■ Collected data
★ ★ ★ ★ ★
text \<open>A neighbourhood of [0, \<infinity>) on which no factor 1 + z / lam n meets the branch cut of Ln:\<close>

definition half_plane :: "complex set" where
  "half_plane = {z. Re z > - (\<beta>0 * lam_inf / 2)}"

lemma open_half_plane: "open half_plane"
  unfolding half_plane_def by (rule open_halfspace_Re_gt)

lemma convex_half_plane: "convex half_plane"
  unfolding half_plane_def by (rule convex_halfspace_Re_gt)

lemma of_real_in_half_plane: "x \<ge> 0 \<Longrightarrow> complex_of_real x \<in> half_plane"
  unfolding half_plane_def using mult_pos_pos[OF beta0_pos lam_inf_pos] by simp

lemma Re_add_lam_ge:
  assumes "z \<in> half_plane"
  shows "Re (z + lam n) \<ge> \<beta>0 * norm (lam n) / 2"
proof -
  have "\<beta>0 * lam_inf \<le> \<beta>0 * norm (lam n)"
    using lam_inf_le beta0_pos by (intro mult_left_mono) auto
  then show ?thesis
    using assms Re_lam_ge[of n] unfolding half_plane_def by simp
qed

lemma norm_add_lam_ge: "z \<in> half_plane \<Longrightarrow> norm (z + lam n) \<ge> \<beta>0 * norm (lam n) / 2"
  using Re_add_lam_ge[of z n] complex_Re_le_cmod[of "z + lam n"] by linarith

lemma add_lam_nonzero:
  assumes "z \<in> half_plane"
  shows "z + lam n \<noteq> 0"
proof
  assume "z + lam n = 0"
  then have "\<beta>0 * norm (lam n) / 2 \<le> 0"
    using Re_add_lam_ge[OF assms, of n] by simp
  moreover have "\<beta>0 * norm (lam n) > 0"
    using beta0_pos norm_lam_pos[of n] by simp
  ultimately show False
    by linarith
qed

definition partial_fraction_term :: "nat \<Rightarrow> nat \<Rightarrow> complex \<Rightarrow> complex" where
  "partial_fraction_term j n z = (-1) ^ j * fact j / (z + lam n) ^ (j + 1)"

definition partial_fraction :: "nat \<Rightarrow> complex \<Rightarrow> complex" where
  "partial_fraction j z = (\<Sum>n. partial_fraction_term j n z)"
★ ★ ★ ★ ★
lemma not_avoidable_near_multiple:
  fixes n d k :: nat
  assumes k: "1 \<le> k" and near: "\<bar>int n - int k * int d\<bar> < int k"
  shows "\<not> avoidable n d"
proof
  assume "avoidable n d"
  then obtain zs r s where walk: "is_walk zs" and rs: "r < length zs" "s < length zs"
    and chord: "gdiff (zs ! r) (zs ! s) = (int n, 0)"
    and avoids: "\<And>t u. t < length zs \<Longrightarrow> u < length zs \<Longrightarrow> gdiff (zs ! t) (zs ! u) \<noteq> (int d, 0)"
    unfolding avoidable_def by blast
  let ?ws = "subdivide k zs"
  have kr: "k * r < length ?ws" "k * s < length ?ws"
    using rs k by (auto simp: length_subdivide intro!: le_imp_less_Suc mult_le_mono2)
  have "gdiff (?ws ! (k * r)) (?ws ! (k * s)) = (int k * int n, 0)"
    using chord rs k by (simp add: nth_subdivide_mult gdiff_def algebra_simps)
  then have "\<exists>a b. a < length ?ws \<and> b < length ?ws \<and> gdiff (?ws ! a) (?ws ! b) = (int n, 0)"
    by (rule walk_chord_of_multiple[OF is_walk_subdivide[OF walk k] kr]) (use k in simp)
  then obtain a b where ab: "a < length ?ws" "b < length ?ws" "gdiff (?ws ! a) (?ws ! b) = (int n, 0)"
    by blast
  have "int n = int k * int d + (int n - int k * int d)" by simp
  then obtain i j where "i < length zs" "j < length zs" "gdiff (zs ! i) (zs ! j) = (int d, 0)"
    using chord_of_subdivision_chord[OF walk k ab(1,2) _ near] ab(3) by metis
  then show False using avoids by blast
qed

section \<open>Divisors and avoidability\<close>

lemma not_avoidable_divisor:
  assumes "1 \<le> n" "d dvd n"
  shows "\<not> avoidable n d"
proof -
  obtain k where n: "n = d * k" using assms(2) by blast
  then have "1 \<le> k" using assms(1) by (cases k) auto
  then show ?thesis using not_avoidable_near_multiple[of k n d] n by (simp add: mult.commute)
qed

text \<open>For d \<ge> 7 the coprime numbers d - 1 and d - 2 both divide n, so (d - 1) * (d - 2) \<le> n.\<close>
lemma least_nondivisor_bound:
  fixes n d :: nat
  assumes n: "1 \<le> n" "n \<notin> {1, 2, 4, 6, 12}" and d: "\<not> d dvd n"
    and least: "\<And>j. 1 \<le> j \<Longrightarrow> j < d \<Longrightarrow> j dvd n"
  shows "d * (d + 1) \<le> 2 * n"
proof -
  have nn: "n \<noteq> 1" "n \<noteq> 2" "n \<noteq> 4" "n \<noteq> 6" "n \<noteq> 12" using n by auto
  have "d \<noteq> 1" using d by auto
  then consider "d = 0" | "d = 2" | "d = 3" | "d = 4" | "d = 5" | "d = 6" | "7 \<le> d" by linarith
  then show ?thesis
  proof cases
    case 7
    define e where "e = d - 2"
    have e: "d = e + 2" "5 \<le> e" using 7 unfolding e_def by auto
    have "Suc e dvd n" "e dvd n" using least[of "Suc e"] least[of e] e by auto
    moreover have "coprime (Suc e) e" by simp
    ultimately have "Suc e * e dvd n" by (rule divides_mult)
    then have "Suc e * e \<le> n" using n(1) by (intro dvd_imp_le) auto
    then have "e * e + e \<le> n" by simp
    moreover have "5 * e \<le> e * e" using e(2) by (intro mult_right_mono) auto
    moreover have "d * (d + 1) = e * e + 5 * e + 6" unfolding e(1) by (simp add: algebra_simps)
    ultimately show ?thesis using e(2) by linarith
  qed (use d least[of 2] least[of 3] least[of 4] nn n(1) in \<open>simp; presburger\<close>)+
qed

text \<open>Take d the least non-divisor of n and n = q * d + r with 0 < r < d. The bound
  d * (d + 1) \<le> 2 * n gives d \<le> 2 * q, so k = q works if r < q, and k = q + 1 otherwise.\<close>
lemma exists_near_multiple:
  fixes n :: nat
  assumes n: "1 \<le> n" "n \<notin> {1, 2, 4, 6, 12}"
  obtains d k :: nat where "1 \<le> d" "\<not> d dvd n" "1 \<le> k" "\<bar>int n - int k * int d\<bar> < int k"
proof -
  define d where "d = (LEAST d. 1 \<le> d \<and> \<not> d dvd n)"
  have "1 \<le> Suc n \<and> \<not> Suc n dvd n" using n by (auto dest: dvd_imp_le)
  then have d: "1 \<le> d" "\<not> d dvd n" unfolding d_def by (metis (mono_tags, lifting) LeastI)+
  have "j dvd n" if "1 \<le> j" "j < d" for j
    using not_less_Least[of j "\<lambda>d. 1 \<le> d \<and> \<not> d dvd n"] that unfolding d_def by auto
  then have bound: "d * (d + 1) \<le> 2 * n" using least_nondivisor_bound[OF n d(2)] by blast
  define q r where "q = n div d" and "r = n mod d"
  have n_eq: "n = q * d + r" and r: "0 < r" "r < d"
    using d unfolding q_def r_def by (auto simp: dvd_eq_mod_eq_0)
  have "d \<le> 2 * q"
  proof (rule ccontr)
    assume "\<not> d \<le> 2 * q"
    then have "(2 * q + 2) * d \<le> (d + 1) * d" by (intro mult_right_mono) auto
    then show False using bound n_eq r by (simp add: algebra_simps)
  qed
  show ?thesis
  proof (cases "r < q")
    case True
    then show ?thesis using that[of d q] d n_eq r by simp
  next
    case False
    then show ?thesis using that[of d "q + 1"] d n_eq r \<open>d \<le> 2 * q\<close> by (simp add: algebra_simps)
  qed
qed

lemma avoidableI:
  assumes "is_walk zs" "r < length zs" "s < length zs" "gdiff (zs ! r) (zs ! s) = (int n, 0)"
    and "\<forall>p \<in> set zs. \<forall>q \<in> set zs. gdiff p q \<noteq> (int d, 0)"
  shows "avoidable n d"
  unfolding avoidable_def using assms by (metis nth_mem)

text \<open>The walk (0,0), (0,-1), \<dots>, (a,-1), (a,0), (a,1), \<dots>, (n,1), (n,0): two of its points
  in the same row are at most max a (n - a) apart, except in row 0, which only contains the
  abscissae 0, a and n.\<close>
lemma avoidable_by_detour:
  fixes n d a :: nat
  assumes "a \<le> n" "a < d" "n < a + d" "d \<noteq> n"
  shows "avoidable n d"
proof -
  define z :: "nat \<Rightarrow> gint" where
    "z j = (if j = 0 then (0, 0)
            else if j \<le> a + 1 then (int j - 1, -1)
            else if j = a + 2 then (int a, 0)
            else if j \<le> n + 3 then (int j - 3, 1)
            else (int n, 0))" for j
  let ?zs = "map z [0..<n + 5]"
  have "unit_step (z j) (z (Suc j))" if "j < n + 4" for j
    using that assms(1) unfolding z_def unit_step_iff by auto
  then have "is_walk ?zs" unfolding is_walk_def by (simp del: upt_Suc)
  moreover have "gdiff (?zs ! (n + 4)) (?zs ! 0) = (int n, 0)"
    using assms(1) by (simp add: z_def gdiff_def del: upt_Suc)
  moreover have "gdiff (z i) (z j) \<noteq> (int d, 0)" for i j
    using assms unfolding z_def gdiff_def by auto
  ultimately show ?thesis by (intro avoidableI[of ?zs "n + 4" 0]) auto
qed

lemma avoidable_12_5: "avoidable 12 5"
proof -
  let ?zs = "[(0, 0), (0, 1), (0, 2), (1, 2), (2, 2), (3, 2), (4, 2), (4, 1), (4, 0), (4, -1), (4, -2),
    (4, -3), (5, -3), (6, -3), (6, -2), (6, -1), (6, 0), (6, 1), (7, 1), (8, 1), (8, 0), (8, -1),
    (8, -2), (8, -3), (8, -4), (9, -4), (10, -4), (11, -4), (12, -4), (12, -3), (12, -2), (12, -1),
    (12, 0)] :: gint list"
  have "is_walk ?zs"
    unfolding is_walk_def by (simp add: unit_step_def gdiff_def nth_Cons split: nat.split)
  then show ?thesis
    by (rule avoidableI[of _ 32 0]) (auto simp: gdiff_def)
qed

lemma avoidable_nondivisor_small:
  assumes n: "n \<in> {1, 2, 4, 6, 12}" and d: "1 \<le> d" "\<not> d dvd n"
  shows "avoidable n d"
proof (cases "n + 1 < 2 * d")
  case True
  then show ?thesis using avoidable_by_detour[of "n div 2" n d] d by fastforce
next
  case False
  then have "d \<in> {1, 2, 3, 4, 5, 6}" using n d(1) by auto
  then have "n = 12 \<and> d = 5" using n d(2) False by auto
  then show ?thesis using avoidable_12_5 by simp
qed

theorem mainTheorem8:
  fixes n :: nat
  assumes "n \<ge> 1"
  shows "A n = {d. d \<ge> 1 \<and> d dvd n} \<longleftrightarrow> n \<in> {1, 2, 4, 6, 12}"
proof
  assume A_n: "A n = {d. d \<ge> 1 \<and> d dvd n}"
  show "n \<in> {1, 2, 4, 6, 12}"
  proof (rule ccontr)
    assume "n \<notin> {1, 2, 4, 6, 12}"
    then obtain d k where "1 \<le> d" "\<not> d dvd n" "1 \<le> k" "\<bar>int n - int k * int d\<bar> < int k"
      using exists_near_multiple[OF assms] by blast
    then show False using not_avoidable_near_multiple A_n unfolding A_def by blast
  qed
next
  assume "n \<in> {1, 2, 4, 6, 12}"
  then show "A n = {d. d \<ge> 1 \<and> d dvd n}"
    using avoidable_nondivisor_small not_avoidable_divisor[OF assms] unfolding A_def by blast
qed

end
★ ★ ★ ★ ★
■ PROBLEM REQUIREMENTS
In the entries above, find the line with "text \<open>A neighbourhood" and the line with "half_plane \<Longrightarrow> norm", then set down exactly those two and every line between them, nothing else.

■ SOLUTION FOR THIS PROBLEM
text \<open>A neighbourhood of [0, \<infinity>) on which no factor 1 + z / lam n meets the branch cut of Ln:\<close>

definition half_plane :: "complex set" where
  "half_plane = {z. Re z > - (\<beta>0 * lam_inf / 2)}"

lemma open_half_plane: "open half_plane"
  unfolding half_plane_def by (rule open_halfspace_Re_gt)

lemma convex_half_plane: "convex half_plane"
  unfolding half_plane_def by (rule convex_halfspace_Re_gt)

lemma of_real_in_half_plane: "x \<ge> 0 \<Longrightarrow> complex_of_real x \<in> half_plane"
  unfolding half_plane_def using mult_pos_pos[OF beta0_pos lam_inf_pos] by simp

lemma Re_add_lam_ge:
  assumes "z \<in> half_plane"
  shows "Re (z + lam n) \<ge> \<beta>0 * norm (lam n) / 2"
proof -
  have "\<beta>0 * lam_inf \<le> \<beta>0 * norm (lam n)"
    using lam_inf_le beta0_pos by (intro mult_left_mono) auto
  then show ?thesis
    using assms Re_lam_ge[of n] unfolding half_plane_def by simp
qed

lemma norm_add_lam_ge: "z \<in> half_plane \<Longrightarrow> norm (z + lam n) \<ge> \<beta>0 * norm (lam n) / 2"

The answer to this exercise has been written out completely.